StockStory Analyst Team

Why There Are Better Opportunities Than Coty

At $4.97 per share, Coty trades at 9x forward P/E. This certainly seems like a cheap stock, but we think there are valid reasons why it trades this way.

Cheap stocks can look like great bargains at first glance, but you often get what you pay for. These mediocre businesses often have less earnings power, meaning there is more reliance on a re-rating to generate good returns - an unlikely scenario for low-quality companies.

3. Coty (COTY) Research Report: Q1 CY2025 Update

Beauty products company Coty (NYSE:COTY) missed Wall Street’s revenue expectations in Q1 CY2025, with sales falling 6.2% year on year to $1.30 billion. Its non-GAAP profit of $0.01 per share was 81% below analysts’ consensus estimates.

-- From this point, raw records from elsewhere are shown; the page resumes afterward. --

theorem lemma2p18:
  fixes \<sigma> :: "int^'n^'n"
  assumes "lat_reflection \<sigma>"
  shows "\<exists>f. bij_betw f {m. lat_marking \<sigma> m} {h. torus_marking \<sigma> h} \<and>
    (\<forall>b \<beta>. strict_marking \<sigma> b \<beta> \<longrightarrow>
       f {(b, \<beta>), (-b, \<lambda>x. - \<beta> x)} = tcls ((1/2) *s real_of_ivec b))"
proof -
  obtain p \<beta>\<^sub>0 y where "strict_marking \<sigma> p \<beta>\<^sub>0" and "(\<Sum>i\<in>UNIV. y$i * p$i) = 1"
    using assms by (rule lat_reflection_primitive_marking)
  then interpret primitive_reflection_marking \<sigma> p \<beta>\<^sub>0 y
    using lat_reflection_involution[OF assms] lat_reflection_neq_id[OF assms]
    by unfold_locales
  \<comment> \<open>\<open>b\<close> and \<open>-b\<close> have the same half modulo \<open>\<int>\<^sup>n\<close>, so no representative needs to be chosen\<close>
  define f :: "((int^'n) \<times> (int^'n \<Rightarrow> int)) set \<Rightarrow> (real^'n) set"
    where "f m = (\<Union>(b, _)\<in>m. tcls ((1/2) *s real_of_ivec b))" for m
  have f: "f (marking_class b \<beta>) = tcls ((1/2) *s real_of_ivec b)" for b \<beta>
    using tcls_half_uminus[of b] by (simp add: f_def)
  let ?even = "\<forall>x. even (\<beta>\<^sub>0 x)"
  have "{m. lat_marking \<sigma> m} =
      insert (marking_class p \<beta>\<^sub>0)
        (if ?even then {marking_class (2 *s p) (\<lambda>x. \<beta>\<^sub>0 x div 2)} else {})"
    by (auto simp: lat_marking_iff)
  moreover have "{h. torus_marking \<sigma> h} =
      insert (tcls ((1/2) *s real_of_ivec p)) (if ?even then {tcls 0} else {})"
    by (auto simp: torus_marking_iff trivial_mod2_iff_even)
  moreover have "f (marking_class (2 *s p) (\<lambda>x. \<beta>\<^sub>0 x div 2)) = tcls 0"
    by (simp add: f tcls_eq_iff)
  moreover have "tcls ((1/2) *s real_of_ivec p) \<noteq> tcls 0"
    using half_p_not_integral by (simp add: tcls_eq_iff)
  ultimately have "bij_betw f {m. lat_marking \<sigma> m} {h. torus_marking \<sigma> h}"
    by (cases ?even) (auto simp: bij_betw_def f)
  then show ?thesis
    using f by blast
qed
(* Let $\mathbf e=(1,1)$, $X=[-\frac34,\frac54]^2$, $Y=[-10,10]^2$, and for $\rho>0$ define on $X\times Y$ $$\psi_\rho(x,y)=\Big(\frac{\|x\|^2}{2}-1\Big)^2-\frac{\|y-\mathbf e\|^2}{2}+\frac{x^\top y}{2}-\frac\rho2\big[\mathbf e^\top y-\|x\|^2\big]_+^2 .$$ For every $\rho>1$, the problem $\min_{x\in X}\max_{y\in Y}\psi_\rho(x,y)$ has a unique first-order minimax (stationary) point $(x,y)\in X\times Y$, i.e. a unique point satisfying $0\in\nabla_x\psi_\rho(x,y)+\mathcal N_X(x)$ and $0\in-\nabla_y\psi_\rho(x,y)+\mathcal N_Y(y)$, namely $$(x,y)=\Big(-\tfrac34\mathbf e,\ \tfrac{10+18\rho}{16+32\rho}\mathbf e\Big),$$ which converges to $(-\frac34\mathbf e,\frac9{16}\mathbf e)$ as $\rho\to\infty$.
   Context: $[z]_+=\max\{z,0\}$. $\mathcal N_C(z)=\{v:\langle v,z'-z\rangle\le0\ \forall z'\in C\}$ is the normal cone of a convex set $C$ at $z\in C$. *)

theory Defs
  imports "HOL-Analysis.Analysis"
begin

definition pos_part :: "real \<Rightarrow> real" where
  "pos_part z = max z 0"

definition normal_cone :: "'a::real_inner set \<Rightarrow> 'a \<Rightarrow> 'a set" where
  "normal_cone C z = {v. \<forall>z'\<in>C. inner v (z' - z) \<le> 0}"

definition e_vec :: "real ^ 2" where
  "e_vec = vector [1, 1]"

definition X_set :: "(real ^ 2) set" where
  "X_set = {x. \<forall>i. -(3/4) \<le> x $ i \<and> x $ i \<le> 5/4}"

definition Y_set :: "(real ^ 2) set" where
  "Y_set = {y. \<forall>i. -10 \<le> y $ i \<and> y $ i \<le> 10}"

Coty (COTY) Q1 CY2025 Highlights:

  • Revenue: $1.30 billion vs analyst estimates of $1.31 billion (6.2% year-on-year decline, 1% miss)
  • Adjusted EPS: $0.01 vs analyst expectations of $0.05 (81% miss)
  • Adjusted EBITDA: $204.2 million vs analyst estimates of $188.4 million (15.7% margin, 8.4% beat)
  • Operating Margin: 17.4%, up from 5.6% in the same quarter last year
  • Free Cash Flow was -$168.4 million compared to -$234.3 million in the same quarter last year
  • Organic Revenue was flat year on year
  • Market Capitalization: $4.50 billion

Company Overview

With a portfolio boasting many household brands, Coty (NYSE:COTY) is a beauty products powerhouse spanning cosmetics, fragrances, and skincare.

The company’s most iconic brands include CoverGirl, Clairol, OPI, and Rimmel London. In addition, Coty has licensing agreements in place to offer fragrances and select other products bearing the Gucci, Calvin Klein, Balenciaga, and Marc Jacobs brands. While there are differences between the brands, the unifying theme is quality at an attainable price.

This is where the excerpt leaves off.